Around the world, the volume of data that scientists and corporations are collecting is accelerating at a rapid pace. These volumes of data quickly outpace the traditional relational databases that have been used to store and query this data in the past, and the world is rapidly replacing these systems with NoSQL data stores such as Apache Accumulo.

Previously, analysts who have been able to run SQL queries to analyze their data had to transform and adapt their analytics to more cumbersome languages and frameworks such as Java with Apache MapReduce or Scala with Apache Spark. Today, with the high-performance Apache Accumulo connector for Presto, we bring back the accessibility and ease of being able to execute traditional SQL queries to the NoSQL Big Data age.

In this presentation, we will discuss how the connector abstracts away common design patterns for interacting with data stored in Accumulo. Through the use of server-side iterators and secondary indexing, the connector can project a SQL interface onto their large data sets. This enables applications, data consumers, and data scientists to run production and ad-hoc queries against large data sets using SQL. When issuing queries with fine-grained predicates, the connector can skip scanning the entire Accumulo table and use the built-in indexing scheme to quickly retrieve data from Accumulo. Additionally, through the use of external tables and the built-in or custom serializer framework, the connector is able to query data stored in existing Accumulo tables.

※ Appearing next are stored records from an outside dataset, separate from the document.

text \<open>The key identity Y_i' Y_{i+1}' e_i = e_i, proved by induction on i.  At i = 1 it is
  the relation Y X_1 Y e_1 = \<lambda>^{-1} e_1; the step uses the braid and tangle relations.\<close>
lemma J_J_e: "1 \<le> i \<Longrightarrow> i \<le> n - 1 \<Longrightarrow> J i * J (Suc i) * e i = e i"
proof (induction i rule: nat_induct_at_least)
  case base
  then have g1: "gen 1" by auto
  have "J 1 * J (Suc 1) * e 1 = Y * X 1 * Y * (X 1 * e 1)" by (simp add: mult.assoc)
  also have "\<dots> = lm * (Y * X 1 * Y * e 1)" using X_e[OF g1] by (simp add: phi_central_left)
  also have "\<dots> = e 1" using Y_X1_Y_e1[OF g1] lm_inverse by (simp add: mult.assoc[symmetric])
  finally show ?case .
next
  case (Suc i)
  then have gi: "gen i" and gi1: "gen (Suc i)" by auto
  define a b b' Z f g where "a = X i" and "b = X (Suc i)" and "b' = Xinv (Suc i)"
    and "Z = J i" and "f = e (Suc i)" and "g = e i"
  have J1: "J (Suc i) = a * Z * a" unfolding a_def Z_def using Suc Yp_Suc by auto
  have J2: "J (Suc (Suc i)) = b * (a * Z * a) * b" unfolding b_def using J1 Yp_Suc[of "Suc i"] by simp
  have ih: "Z * (a * Z * a) * g = g" using Suc J1 unfolding Z_def g_def by auto
  have bf: "b * f = lm * f" using X_e[OF gi1] unfolding b_def f_def by auto
  have bb': "b * (b' * x) = x" "b' * (b * x) = x" for x using X_cancel[OF gi1] unfolding b_def b'_def by auto
  have bab: "a * (b * (a * x)) = b * (a * (b * x))" for x
    using braid[OF gi] gi1 unfolding a_def b_def by (simp add: mult_eq_extend mult.assoc[symmetric])
  have Zb: "Z * (b * x) = b * (Z * x)" "Z * (b' * x) = b' * (Z * x)" for x
    using J_commute_higher[of i "Suc i" "X (Suc i)"] J_commute_higher[of i "Suc i" "Xinv (Suc i)"] Suc
    unfolding Z_def b_def b'_def by (simp_all add: mult_eq_extend mult.assoc[symmetric])
  have af: "a * f = b' * (g * f)"
    using arg_cong[OF X_X_e[OF gi1 gi], of "\<lambda>x. b' * x"] bb'(2) unfolding a_def b_def f_def g_def
    by (simp add: mult.assoc)
  have abg: "a * (b * g) = f * g" using X_X_e[OF gi gi1] unfolding a_def b_def f_def g_def by (simp add: mult.assoc)
  have fgf: "f * (g * f) = f" using e_e_e[OF gi1 gi] unfolding f_def g_def by (simp add: mult.assoc)
  have ZaZg: "Z * (a * (Z * g)) = lmi * g"
  proof -
    have "g = Z * (a * (Z * (a * g)))" using ih by (simp add: mult.assoc)
    also have "\<dots> = lm * (Z * (a * (Z * g)))" using X_e[OF gi] unfolding a_def g_def by (simp add: phi_central_left)
    finally have "lmi * g = lmi * (lm * (Z * (a * (Z * g))))" by simp
    then show ?thesis using lm_inverse by (simp add: mult.assoc[symmetric])
  qed
  have "(a * Z * a) * (b * (a * Z * a) * b) * f = a * (Z * (a * (b * (a * (Z * (a * (b * f)))))))"
    by (simp add: mult.assoc)
  also have "\<dots> = lm * (a * (Z * (a * (b * (a * (Z * (a * f)))))))" using bf by (simp add: phi_central_left)
  also have "\<dots> = lm * (a * (Z * (a * (b * (a * (b' * (Z * (g * f))))))))" using af Zb by simp
  also have "\<dots> = lm * (a * (Z * (b * (a * (Z * (g * f))))))" using bab bb' by simp
  also have "\<dots> = lm * (a * (b * (Z * (a * (Z * (g * f))))))" using Zb by simp
  also have "\<dots> = lm * (a * (b * (lmi * g * f)))" using ZaZg by (simp add: mult.assoc[symmetric])
  also have "\<dots> = lm * (lmi * (a * (b * (g * f))))"
  proof -
    have "a * (b * (lmi * g * f)) = lmi * (a * (b * (g * f)))" by (simp add: phi_central_left mult.assoc)
    then show ?thesis by simp
  qed
  also have "\<dots> = f" using lm_inverse abg fgf by (simp add: mult.assoc[symmetric])
  finally show ?case unfolding J1 J2 f_def .
qed

lemma e_J_J: "1 \<le> i \<Longrightarrow> i \<le> n - 1 \<Longrightarrow> e i * J i * J (Suc i) = e i"
proof (induction i rule: nat_induct_at_least)
  case base
  then have g1: "gen 1" by auto
  have "e 1 * J 1 * J (Suc 1) = (e 1 * Y * X 1 * Y) * X 1" by (simp add: mult.assoc)
  also have "\<dots> = lmi * (lm * e 1)" using Y_X1_Y_e1[OF g1] X_e[OF g1] by (simp add: mult.assoc)
  also have "\<dots> = e 1" using lm_inverse by (simp add: mult.assoc[symmetric])
  finally show ?case .
next
  case (Suc i)
  then have gi: "gen i" and gi1: "gen (Suc i)" by auto
  define a b b' Z f g where "a = X i" and "b = X (Suc i)" and "b' = Xinv (Suc i)"
    and "Z = J i" and "f = e (Suc i)" and "g = e i"
  have J1: "J (Suc i) = a * Z * a" unfolding a_def Z_def using Suc Yp_Suc by auto
  have J2: "J (Suc (Suc i)) = b * (a * Z * a) * b" unfolding b_def using J1 Yp_Suc[of "Suc i"] by simp
  have ih: "g * (Z * (a * (Z * (a * x)))) = g * x" for x
    using Suc J1 unfolding Z_def g_def by (simp add: mult_eq_extend mult.assoc[symmetric])
  have bb': "b' * (b * x) = x" for x using X_cancel[OF gi1] unfolding b_def b'_def by auto
  have bab: "a * (b * (a * x)) = b * (a * (b * x))" for x
    using braid[OF gi] gi1 unfolding a_def b_def by (simp add: mult_eq_extend mult.assoc[symmetric])
  have Zb: "Z * (b * x) = b * (Z * x)" "Z * (b' * x) = b' * (Z * x)" for x
    using J_commute_higher[of i "Suc i" "X (Suc i)"] J_commute_higher[of i "Suc i" "Xinv (Suc i)"] Suc
    unfolding Z_def b_def b'_def by (simp_all add: mult_eq_extend mult.assoc[symmetric])
  have fa: "f * a = f * (g * b')"
  proof -
    have "f * g = f * (a * b)"
      using e_e_X_X[OF gi gi1] unfolding a_def b_def f_def g_def by (simp add: mult.assoc)
    then have "f * (g * b') = f * (a * (b * b'))" by (simp add: mult.assoc[symmetric])
    then show ?thesis using X_inverse[OF gi1] unfolding b_def b'_def by simp
  qed
  have gba: "g * (b * a) = g * f" using e_e_X_X[OF gi1 gi] unfolding a_def b_def f_def g_def by (simp add: mult.assoc)
  have fgf: "f * (g * f) = f" using e_e_e[OF gi1 gi] unfolding f_def g_def by (simp add: mult.assoc)
  have "f * (a * Z * a) * (b * (a * Z * a) * b) = f * (a * (Z * (a * (b * (a * (Z * (a * b)))))))"
    by (simp add: mult.assoc)
  also have "\<dots> = f * (g * (b' * (Z * (a * (b * (a * (Z * (a * b))))))))"
    using fa by (simp add: mult.assoc[symmetric])
  also have "\<dots> = f * (g * (Z * (b' * (a * (b * (a * (Z * (a * b))))))))" using Zb by simp
  also have "\<dots> = f * (g * (Z * (a * (b * (Z * (a * b))))))" using bab bb' by simp
  also have "\<dots> = f * (g * (Z * (a * (Z * (b * (a * b))))))" using Zb by simp
  also have "\<dots> = f * (g * (Z * (a * (Z * (a * (b * a))))))" using bab[of 1] by simp
  also have "\<dots> = f" using ih gba fgf by simp
  finally show ?case unfolding J1 J2 f_def .
qed

lemma J_next_e:
  assumes "gen i"
  shows "J (Suc i) * e i = Jinv i * e i" "e i * J (Suc i) = e i * Jinv i"
        "Jinv (Suc i) * e i = J i * e i" "e i * Jinv (Suc i) = e i * J i"
proof -
  have i: "1 \<le> i" "i \<le> n" "1 \<le> Suc i" "Suc i \<le> n" using assms by auto
  have L: "J i * J (Suc i) * e i = e i" and R: "e i * J i * J (Suc i) = e i"
    using J_J_e e_J_J assms by auto
  have I: "Jinv i * J i = 1" "J i * Jinv i = 1" "Jinv (Suc i) * J (Suc i) = 1" "J (Suc i) * Jinv (Suc i) = 1"
    using J_inverse i by auto
  have C: "J i * J (Suc i) = J (Suc i) * J i" using J_commute i by auto
  show "J (Suc i) * e i = Jinv i * e i"
    using arg_cong[OF L, of "\<lambda>x. Jinv i * x"] I by (simp add: mult.assoc[symmetric])
  show "e i * J (Suc i) = e i * Jinv i"
    using arg_cong[OF R, of "\<lambda>x. x * Jinv i"] I C by (simp add: mult.assoc)
  show "Jinv (Suc i) * e i = J i * e i"
    using arg_cong[OF L, of "\<lambda>x. Jinv (Suc i) * x"] I C by (simp add: mult.assoc[symmetric])
  show "e i * Jinv (Suc i) = e i * J i"
    using arg_cong[OF R, of "\<lambda>x. x * Jinv (Suc i)"] I by (simp add: mult.assoc)
qed

lemma Jpow_next_e:
  assumes "gen i"
  shows "Jpow (Suc i) t * e i = Jpow i (- t) * e i" "e i * Jpow (Suc i) t = e i * Jpow i (- t)"
proof -
  have i: "1 \<le> i" "i \<le> n" "1 \<le> Suc i" "Suc i \<le> n" using assms by auto
  have I: "J i * Jinv i = 1" "Jinv i * J i = 1" "J (Suc i) * Jinv (Suc i) = 1" "Jinv (Suc i) * J (Suc i) = 1"
    using J_inverse i by auto
  have C: "J (Suc i) * J i = J i * J (Suc i)" using J_commute i by auto
  show "Jpow (Suc i) t * e i = Jpow i (- t) * e i"
    using zpow_transfer_left[OF I(3,4,1,2) C] J_next_e[OF assms] by auto
  show "e i * Jpow (Suc i) t = e i * Jpow i (- t)"
    using zpow_transfer_right[OF I(3,4,1,2) C] J_next_e[OF assms] by auto
qed

lemma X_J:
  assumes "gen i"
  shows "X i * J i = J (Suc i) * Xinv i" "Xinv i * Jinv i = Jinv (Suc i) * X i"
        "J i * X i = Xinv i * J (Suc i)" "Jinv i * Xinv i = X i * Jinv (Suc i)"
proof -
  have J1: "J (Suc i) = X i * J i * X i" "Jinv (Suc i) = Xinv i * Jinv i * Xinv i"
    using Yp_Suc[of i Y X] Yp_Suc[of i Yinv Xinv] assms by auto
  show "X i * J i = J (Suc i) * Xinv i" "Xinv i * Jinv i = Jinv (Suc i) * X i"
    unfolding J1 using X_inverse[OF assms] by (simp_all add: mult.assoc)
  show "J i * X i = Xinv i * J (Suc i)" "Jinv i * Xinv i = X i * Jinv (Suc i)"
    unfolding J1 using X_cancel[OF assms] by (simp_all add: mult.assoc)
qed

abbreviation "mon s m \<equiv> Ymon Y Yinv X Xinv s m"

lemma mon_0 [simp]: "mon s 0 = 1"
  by (simp add: Ymon_def)

lemma mon_Suc: "mon s (Suc m) = mon s m * Jpow (Suc m) (s (Suc m))"
  by (simp add: Ymon_def)

lemma mon_cong: "(\<And>j. 1 \<le> j \<Longrightarrow> j \<le> m \<Longrightarrow> s j = s' j) \<Longrightarrow> mon s m = mon s' m"
  by (induction m) (simp_all add: mon_Suc)

lemma mon_zero: "mon (\<lambda>_. 0) m = 1"
  by (induction m) (simp_all add: mon_Suc)

lemma mon_split: "gen i \<Longrightarrow> mon s i = mon s (i - 1) * Jpow i (s i)"
  using mon_Suc[of s "i - 1"] by simp

lemma mon_update_above: "m < i \<Longrightarrow> mon (s(i := x)) m = mon s m"
  by (rule mon_cong) auto

lemma mon_extend: "gen i \<Longrightarrow> mon s (i - 1) * Jpow i x = mon (s(i := x)) i"
  using mon_split[of i "s(i := x)"] mon_update_above[of "i - 1" i s x] by simp

lemma Jpow_add: "1 \<le> j \<Longrightarrow> j \<le> n \<Longrightarrow> Jpow j a * Jpow j b = Jpow j (a + b)"
  using zpow_add[OF J_Jinv Jinv_J] by auto

lemma J_commute_Jpow:
  assumes "1 \<le> j" "j \<le> n" "1 \<le> m" "m \<le> n"
  shows "J m * Jpow j t = Jpow j t * J m" "Jinv m * Jpow j t = Jpow j t * Jinv m"
  using zpow_commute[of "J j" "J m" "Jinv j" t] zpow_commute[of "J j" "Jinv m" "Jinv j" t]
    J_commute[OF assms] by simp_all

lemma Jpow_commute:
  assumes "1 \<le> j" "j \<le> n" "1 \<le> m" "m \<le> n"
  shows "Jpow j a * Jpow m b = Jpow m b * Jpow j a"
  using zpow_commute[of "J j" "Jpow m b" "Jinv j"] J_commute_Jpow[OF assms(3,4,1,2)] by simp

lemma mon_commute:
  assumes "\<And>j. 1 \<le> j \<Longrightarrow> j \<le> m \<Longrightarrow> J j * w = w * J j \<and> Jinv j * w = w * Jinv j"
  shows "mon s m * w = w * mon s m"
  using assms
proof (induction m)
  case (Suc m)
  have P: "Jpow (Suc m) t * w = w * Jpow (Suc m) t" for t
    using Suc.prems[of "Suc m"] zpow_commute by auto
  have M: "mon s m * w = w * mon s m" using Suc by simp
  have "mon s (Suc m) * w = mon s m * (Jpow (Suc m) (s (Suc m)) * w)" by (simp add: mon_Suc mult.assoc)
  also have "\<dots> = (mon s m * w) * Jpow (Suc m) (s (Suc m))" by (simp add: P mult.assoc)
  finally show ?case by (simp add: M mon_Suc mult.assoc)
qed simp

lemma mon_commute_Jpow: "m \<le> n \<Longrightarrow> 1 \<le> j \<Longrightarrow> j \<le> n \<Longrightarrow> mon s m * Jpow j t = Jpow j t * mon s m"
  by (rule mon_commute) (simp add: J_commute_Jpow)

lemma mon_commute_higher:
  assumes "gen i" "m < i" "w \<in> {X i, Xinv i, e i}"
  shows "mon s m * w = w * mon s m"
  using J_commute_higher[OF _ _ assms(1,3)] Jinv_commute_higher[OF _ _ assms(1,3)] assms(2)
  by (intro mon_commute) auto

lemma Jpow_commute_higher:
  assumes "gen i" "1 \<le> j" "j < i" "w \<in> {X i, Xinv i, e i}"
  shows "Jpow j t * w = w * Jpow j t"
  using zpow_commute J_commute_higher[OF assms(2,3,1,4)] Jinv_commute_higher[OF assms(2,3,1,4)] by blast

lemma mon_mult_Jpow: "1 \<le> j \<Longrightarrow> j \<le> m \<Longrightarrow> m \<le> n \<Longrightarrow> mon s m * Jpow j t = mon (s(j := s j + t)) m"
proof (induction m)
  case (Suc m)
  show ?case
  proof (cases "j = Suc m")
    case True
    have "mon s (Suc m) * Jpow j t = mon s m * Jpow j (s j + t)"
      unfolding mon_Suc True using Jpow_add Suc.prems True by (simp add: mult.assoc)
    then show ?thesis unfolding mon_Suc using True mon_update_above[of m j s] by simp
  next
    case False
    then have jm: "j \<le> m" using Suc.prems by simp
    have "mon s (Suc m) * Jpow j t = (mon s m * Jpow j t) * Jpow (Suc m) (s (Suc m))"
      unfolding mon_Suc using Jpow_commute[of "Suc m" j] Suc.prems by (simp add: mult.assoc)
    also have "\<dots> = mon (s(j := s j + t)) m * Jpow (Suc m) (s (Suc m))"
      by (simp only: Suc.IH[OF Suc.prems(1) jm Suc_leD[OF Suc.prems(3)]])
    also have "\<dots> = mon (s(j := s j + t)) (Suc m)" unfolding mon_Suc using False by simp
    finally show ?thesis .
  qed
qed simp

lemma mon_mult: "m \<le> n \<Longrightarrow> mon s m * mon s' m = mon (\<lambda>j. s j + s' j) m"
proof (induction m)
  case (Suc m)
  have "mon s (Suc m) * mon s' (Suc m)
      = (mon s m * mon s' m) * (Jpow (Suc m) (s (Suc m)) * Jpow (Suc m) (s' (Suc m)))"
    unfolding mon_Suc using mult_eq_extend[OF mon_commute_Jpow[of m "Suc m" s' "s (Suc m)", symmetric]] Suc.prems
    by (simp add: mult.assoc)
  then show ?case unfolding mon_Suc using Suc Jpow_add[of "Suc m"] by simp
qed simp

Finally, we will discuss the use cases at Bloomberg that led to the creation of the connector and discuss how it is being used in production today.

Speakers

Adam Shook
Principal Consultant, Datacatessen
Adam Shook is Founder and Principal Consultant at Datacatessen, LLC, a boutique big data solutions company specializing in data architecture and engineering. Shook graduated with a B.S. in Computer Science from the University of Maryland Baltimore County (UMBC) and took a job building a new high-performance graphics engine for a game studio. Looking for new challenges, he enrolled in the Computer Science graduate program at UMBC focusing on distributed computing technologies. Shook has worked on developing a wide variety of data applications and analytics deployed on large-scale production data platforms in both the commercial and government spaces. He is involved in developing and instructing graduate and undergraduate courses at UMBC, preparing young minds to work with big data. He spends what little free time he has playing video games and homebrewing.
Dan Sun
Tech Leader, Bloomberg
Dan Sun is the Tech Leader at Bloomberg Bvault surveillance team, and is responsible for building the next-generation real-time surveillance application which uses Mesos, Kafka, Storm, and Accumulo as the big data technology stack.